If the volume is failing to be created, there should be details in the rook-operator log output, especially those tagged with op-provisioner.

One common cause for the rook-operator failing to create the volume is when the clusterNamespace field of the StorageClass doesn’t match the namespace of the Rook cluster, as described in #1502. In that scenario, the rook-operator log would show a failure similar to the following:

  1. 2018-03-28 18:58:32.041603 I | op-provisioner: creating volume with configuration {pool:replicapool clusterNamespace:rook-ceph fstype:}
  2. 2018-03-28 18:58:32.041728 I | exec: Running command: rbd create replicapool/pvc-fd8aba49-32b9-11e8-978e-08002762c796 --size 20480 --cluster=rook --conf=/var/lib/rook/rook-ceph/rook.config --keyring=/var/lib/rook/rook-ceph/client.admin.keyring
  3. E0328 18:58:32.060893 5 controller.go:801] Failed to provision volume for claim "default/mysql-pv-claim" with StorageClass "rook-ceph-block": Failed to create rook block image replicapool/pvc-fd8aba49-32b9-11e8-978e-08002762c796: failed to create image pvc-fd8aba49-32b9-11e8-978e-08002762c796 in pool replicapool of size 21474836480: Failed to complete '': exit status 1. global_init: unable to open config file from search list /var/lib/rook/rook-ceph/rook.config
  4. . output:

The solution is to ensure that the clusterNamespace field matches the namespace of the Rook cluster when creating the StorageClass.

Volume Mounting

The final step in preparing Rook storage for your pod is for the rook-ceph-agent pod to mount and format it.
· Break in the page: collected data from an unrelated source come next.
(* For every integer $n\ge3$, the coefficient of the monomial $T_2T_n^2$ in $R_{n+1}$ is $c^{(n+1)}_{n,n,2}=-n(n+1)$.
   Context: Let $T_1,T_2,\dots$ be indeterminates, $T_\alpha=T_{\alpha_1}\cdots T_{\alpha_d}$. Define linear operators $L,H$ on monomials (constants sent to $0$): $L(T_{\alpha_1}\cdots T_{\alpha_r})=\sum_{1\le i<j\le r}T_{\alpha_1}\cdots T_{\alpha_i+1}\cdots T_{\alpha_j+1}\cdots T_{\alpha_r}$, $H(T_{\alpha_1}\cdots T_{\alpha_r})=-\frac12\sum_{k=1}^{r}\sum_{l=1}^{\alpha_k-1}\binom{\alpha_k}{l}T_{1+l}T_{1+\alpha_k-l}\prod_{i\ne k}T_{\alpha_i}$. For $n\ge2$ let $A_n=-\sum_{k=1}^{n-1}\binom{n}{k}T_{1+k}T_{1+n-k}T_n$; set $R_2=0$, $R_{n+1}=A_n+L(R_n)+H(R_n)$. $c^{(n)}_\alpha$ is the coefficient of the monomial $T_\alpha$ in $R_n$. *)

theory Defs
  imports Complex_Main "HOL-Library.Multiset"
begin

text \<open>A polynomial in the indeterminates T_1, T_2, ... with rational coefficients is
represented as a formal sum: a list of (coefficient, monomial) pairs, where a monomial
T_{a_1}...T_{a_r} is the list [a_1,...,a_r] (order irrelevant).\<close>

type_synonym fpoly = "(rat \<times> nat list) list"

definition pcoeff :: "fpoly \<Rightarrow> nat list \<Rightarrow> rat" where
  "pcoeff P \<alpha> = sum_list (map fst (filter (\<lambda>(c, m). mset m = mset \<alpha>) P))"

definition lin :: "(nat list \<Rightarrow> fpoly) \<Rightarrow> fpoly \<Rightarrow> fpoly" where
  "lin f P = concat (map (\<lambda>(c, m). map (\<lambda>(d, m'). (c * d, m')) (f m)) P)"

definition L_mon :: "nat list \<Rightarrow> fpoly" where
  "L_mon as = [(1, as[i := as ! i + 1, j := as ! j + 1]).
                 i \<leftarrow> [0..<length as], j \<leftarrow> [Suc i..<length as]]"

definition H_mon :: "nat list \<Rightarrow> fpoly" where
  "H_mon as = [(- (1/2) * of_nat ((as ! k) choose l),
                 (take k as @ drop (Suc k) as) @ [1 + l, 1 + (as ! k) - l]).
                 k \<leftarrow> [0..<length as], l \<leftarrow> [1..<as ! k]]"

definition A_poly :: "nat \<Rightarrow> fpoly" where
  "A_poly n = [(- of_nat (n choose k), [1 + k, 1 + n - k, n]). k \<leftarrow> [1..<n]]"

text \<open>R_2 = 0, R_{n+1} = A_n + L(R_n) + H(R_n) for n >= 2 (R_0, R_1 are unused and set to 0).\<close>
primrec R :: "nat \<Rightarrow> fpoly" where
  "R 0 = []"
| "R (Suc n) = (if n < 2 then [] else A_poly n @ lin L_mon (R n) @ lin H_mon (R n))"

end

theory Submission
  imports Defs
begin

text \<open>Every monomial of R_n has at least three factors, all of index at least 2.
  Hence H, which adds a factor, never produces the cubic monomial T_2 T_n^2; in A_n it occurs
  for k = 1 and k = n - 1, with total coefficient -2n; and for n \<ge> 4 the only monomial that L
  sends to it is T_2 T_{n-1}^2, exactly once. So c^(n+1)_{n,n,2} = -2n + c^(n)_{n-1,n-1,2}.
  For n = 3 the monomial T_2^3 is sent to T_2 T_3^2 three times, so the induction starts from
  the direct computation c^(4)_{3,3,2} = -12.\<close>

lemma pcoeff_Nil [simp]: "pcoeff [] \<alpha> = 0"
  by (simp add: pcoeff_def)

lemma pcoeff_Cons [simp]:
  "pcoeff ((c, m) # P) \<alpha> = (if mset m = mset \<alpha> then c else 0) + pcoeff P \<alpha>"
  by (simp add: pcoeff_def)

lemma pcoeff_append [simp]: "pcoeff (P @ Q) \<alpha> = pcoeff P \<alpha> + pcoeff Q \<alpha>"
  by (simp add: pcoeff_def)

lemma pcoeff_map_scale: "pcoeff (map (\<lambda>(d, m). (c * d, m)) P) \<alpha> = c * pcoeff P \<alpha>"
  by (induction P) (auto simp: algebra_simps)

lemma pcoeff_lin: "pcoeff (lin f P) \<alpha> = sum_list (map (\<lambda>(c, m). c * pcoeff (f m) \<alpha>) P)"
  by (induction P) (auto simp: lin_def pcoeff_map_scale)

lemma pcoeff_eq_0_if_lengths_differ:
  assumes "\<And>c m. (c, m) \<in> set P \<Longrightarrow> length m \<noteq> length \<alpha>"
  shows "pcoeff P \<alpha> = 0"
  using assms
proof (induction P)
  case (Cons x P)
  then show ?case by (cases x) (auto dest: mset_eq_length)
qed simp

lemma pcoeff_lin_eq_pcoeff:
  assumes "\<And>c m. (c, m) \<in> set P \<Longrightarrow> pcoeff (f m) \<alpha> = (if mset m = mset \<beta> then 1 else 0)"
  shows "pcoeff (lin f P) \<alpha> = pcoeff P \<beta>"
  using assms
proof (induction P)
  case (Cons x P)
  obtain c m where x: "x = (c, m)" by fastforce
  have "pcoeff (f m) \<alpha> = (if mset m = mset \<beta> then 1 else 0)"
    by (rule Cons.prems[of c]) (simp add: x)
  moreover have "pcoeff (lin f P) \<alpha> = pcoeff P \<beta>"
    by (rule Cons.IH) (rule Cons.prems, auto)
  moreover have "lin f ((c, m) # P) = map (\<lambda>(d, m'). (c * d, m')) (f m) @ lin f P"
    by (simp add: lin_def)
  ultimately show ?case by (simp add: x pcoeff_map_scale)
qed (simp add: lin_def)

lemma pcoeff_map_pair:
  "pcoeff (map (\<lambda>k. (f k, g k)) xs) \<alpha> = (\<Sum>k\<leftarrow>xs. if mset (g k) = mset \<alpha> then f k else 0)"
  by (induction xs) auto

lemma in_set_linD: "(c', m') \<in> set (lin f P) \<Longrightarrow> \<exists>c m d. (c, m) \<in> set P \<and> (d, m') \<in> set (f m)"
  by (auto simp: lin_def)

lemma mset_eq_3_iff:
  "mset [x, y, z] = mset [p, q, r] \<longleftrightarrow>
     (x = p \<and> y = q \<and> z = r) \<or> (x = p \<and> y = r \<and> z = q) \<or> (x = q \<and> y = p \<and> z = r) \<or>
     (x = q \<and> y = r \<and> z = p) \<or> (x = r \<and> y = p \<and> z = q) \<or> (x = r \<and> y = q \<and> z = p)"
  by (auto simp: add_eq_conv_ex)

definition admissible :: "nat list \<Rightarrow> bool" where
  "admissible m \<longleftrightarrow> 3 \<le> length m \<and> (\<forall>x\<in>set m. 2 \<le> x)"

lemma length_L_mon: "(d, m') \<in> set (L_mon m) \<Longrightarrow> length m' = length m"
  by (auto simp: L_mon_def)

lemma admissible_L_mon:
  assumes "(d, m') \<in> set (L_mon m)" and "admissible m"
  shows "admissible m'"
proof -
  obtain i j where ij: "i < j" "j < length m" and m': "m' = m[i := m ! i + 1, j := m ! j + 1]"
    using assms(1) unfolding L_mon_def by (fastforce simp: Suc_le_eq)
  have "set m' \<subseteq> insert (m ! j + 1) (insert (m ! i + 1) (set m))"
    unfolding m' by (meson insert_mono order_trans set_update_subset_insert)
  moreover have "\<forall>x\<in>insert (m ! j + 1) (insert (m ! i + 1) (set m)). 2 \<le> x"
  proof -
    have "m ! i \<in> set m" "m ! j \<in> set m"
      using ij by auto
    then show ?thesis
      using assms(2) by (auto simp: admissible_def)
  qed
  ultimately show ?thesis
    using assms(2) by (auto simp: admissible_def m')
qed

lemma admissible_H_mon:
  assumes "(d, m') \<in> set (H_mon m)" and "admissible m"
  shows "admissible m' \<and> length m' = length m + 1"
  using assms unfolding admissible_def H_mon_def
  by clarsimp (auto dest: in_set_takeD in_set_dropD)

lemma admissible_R: "(c, m) \<in> set (R n) \<Longrightarrow> admissible m"
proof (induction n arbitrary: c m)
  case (Suc n)
  then consider "(c, m) \<in> set (A_poly n)" "2 \<le> n"
    | "(c, m) \<in> set (lin L_mon (R n))" | "(c, m) \<in> set (lin H_mon (R n))"
    by (auto split: if_splits)
  then show ?case
  proof cases
    case 1
    then show ?thesis by (auto simp: A_poly_def admissible_def)
  next
    case 2
    then show ?thesis using Suc.IH by (blast dest: in_set_linD admissible_L_mon)
  next
    case 3
    then show ?thesis using Suc.IH by (blast dest: in_set_linD admissible_H_mon)
  qed
qed simp

lemma pcoeff_H_R_cubic: "pcoeff (lin H_mon (R n)) [a, b, c] = 0"
proof (rule pcoeff_eq_0_if_lengths_differ)
  fix d m'
  assume "(d, m') \<in> set (lin H_mon (R n))"
  then obtain e m d' where "(e, m) \<in> set (R n)" "(d', m') \<in> set (H_mon m)"
    by (blast dest: in_set_linD)
  then have "4 \<le> length m'"
    by (auto dest!: admissible_R admissible_H_mon simp: admissible_def)
  then show "length m' \<noteq> length [a, b, c]" by simp
qed

lemma pcoeff_A_poly:
  assumes "3 \<le> n"
  shows "pcoeff (A_poly n) [n, n, 2] = - 2 * of_nat n"
proof -
  have hit: "mset [1 + k, 1 + n - k, n] = mset [n, n, 2] \<longleftrightarrow> k = 1 \<or> k = n - 1"
    if "k \<in> {1..<n}" for k
    using assms that unfolding mset_eq_3_iff atLeastLessThan_iff by auto
  have "pcoeff (A_poly n) [n, n, 2] =
      (\<Sum>k\<in>{1..<n}. if mset [1 + k, 1 + n - k, n] = mset [n, n, 2] then - of_nat (n choose k) else 0)"
    unfolding A_poly_def pcoeff_map_pair
    by (simp only: sum_list_distinct_conv_sum_set[OF distinct_upt] set_upt)
  also have "\<dots> = (\<Sum>k\<in>{1..<n}. if k = 1 \<or> k = n - 1 then - of_nat (n choose k) else 0)"
    by (intro sum.cong refl) (simp only: hit)
  also have "\<dots> = (\<Sum>k\<in>{1, n - 1}. - of_nat (n choose k))"
    using assms by (intro sum.mono_neutral_cong_right) auto
  also have "\<dots> = - 2 * of_nat n"
    using assms by (simp add: binomial_symmetric)
  finally show ?thesis .
qed

lemma pcoeff_L_mon_cubic:
  assumes "4 \<le> n" and "admissible m"
  shows "pcoeff (L_mon m) [n, n, 2] = (if mset m = mset [n - 1, n - 1, 2] then 1 else 0)"
proof (cases "length m = 3")
  case False
  then have "mset m \<noteq> mset [n - 1, n - 1, 2]"
    by (metis mset_eq_length length_Cons list.size(3) numeral_3_eq_3)
  moreover have "pcoeff (L_mon m) [n, n, 2] = 0"
    using False by (intro pcoeff_eq_0_if_lengths_differ) (auto dest: length_L_mon)
  ultimately show ?thesis by simp
next
  case True
  then obtain a b c where m: "m = [a, b, c]"
    by (metis (no_types) length_0_conv length_Suc_conv numeral_3_eq_3)
  have "L_mon m = [(1, [a + 1, b + 1, c]), (1, [a + 1, b, c + 1]), (1, [a, b + 1, c + 1])]"
    by (simp add: m L_mon_def upt_rec)
  moreover have "2 \<le> a" "2 \<le> b" "2 \<le> c"
    using assms(2) by (auto simp: admissible_def m)
  ultimately show ?thesis
    using assms(1) by (simp add: m mset_eq_3_iff del: mset.simps) auto
qed

lemma pcoeff_R_recurrence:
  assumes "4 \<le> n"
  shows "pcoeff (R (n + 1)) [n, n, 2] = - 2 * of_nat n + pcoeff (R n) [n - 1, n - 1, 2]"
proof -
  have "pcoeff (lin L_mon (R n)) [n, n, 2] = pcoeff (R n) [n - 1, n - 1, 2]"
    by (intro pcoeff_lin_eq_pcoeff pcoeff_L_mon_cubic[OF assms]) (rule admissible_R)
  then show ?thesis
    using assms by (simp add: pcoeff_A_poly pcoeff_H_R_cubic)
qed

lemma pcoeff_R4: "pcoeff (R 4) [3, 3, 2] = -12"
  by (simp add: pcoeff_def lin_def L_mon_def H_mon_def A_poly_def numeral_eq_Suc upt_rec)
    (auto simp: add_eq_conv_ex)

theorem mainTheorem13:
  fixes n :: nat
  assumes "n \<ge> 3"
  shows "pcoeff (R (n + 1)) [n, n, 2] = - of_nat (n * (n + 1))"
  using assms
proof (induction n rule: nat_induct_at_least)
  case base
  show ?case using pcoeff_R4 by simp
next
  case (Suc n)
  then have "pcoeff (R (Suc n + 1)) [Suc n, Suc n, 2] = - 2 * of_nat (Suc n) + pcoeff (R (n + 1)) [n, n, 2]"
    using pcoeff_R_recurrence[of "Suc n"] by simp
  with Suc.IH show ?case by (simp add: algebra_simps)
qed

end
If all the preceding sections have been successful or inconclusive, then take a look at the rook-ceph-agent pod logs for further clues. You can determine which rook-ceph-agent is running on the same node that your pod is scheduled on by using the -o wide output, then you can get the logs for that rook-ceph-agent pod similar to the example below:

  1. > kubectl -n rook-ceph get pod -o wide
  2. NAME READY STATUS RESTARTS AGE IP NODE
  3. rook-ceph-agent-h6scx 1/1 Running 0 9m 172.17.8.102 172.17.8.102
  4. rook-ceph-agent-mp7tn 1/1 Running 0 9m 172.17.8.101 172.17.8.101
  5. rook-operator-2203999069-3tb68 1/1 Running 0 9m 10.32.0.7 172.17.8.101
  6. > kubectl -n rook-ceph logs rook-ceph-agent-h6scx
  7. 2017-10-30 23:07:06.984108 I | rook: starting Rook v0.5.0-241.g48ce6de.dirty with arguments '/usr/local/bin/rook agent'
  8. [...]

In the rook-ceph-agent pod logs, you may see a snippet similar to the following:

  1. Failed to complete rbd: signal: interrupt.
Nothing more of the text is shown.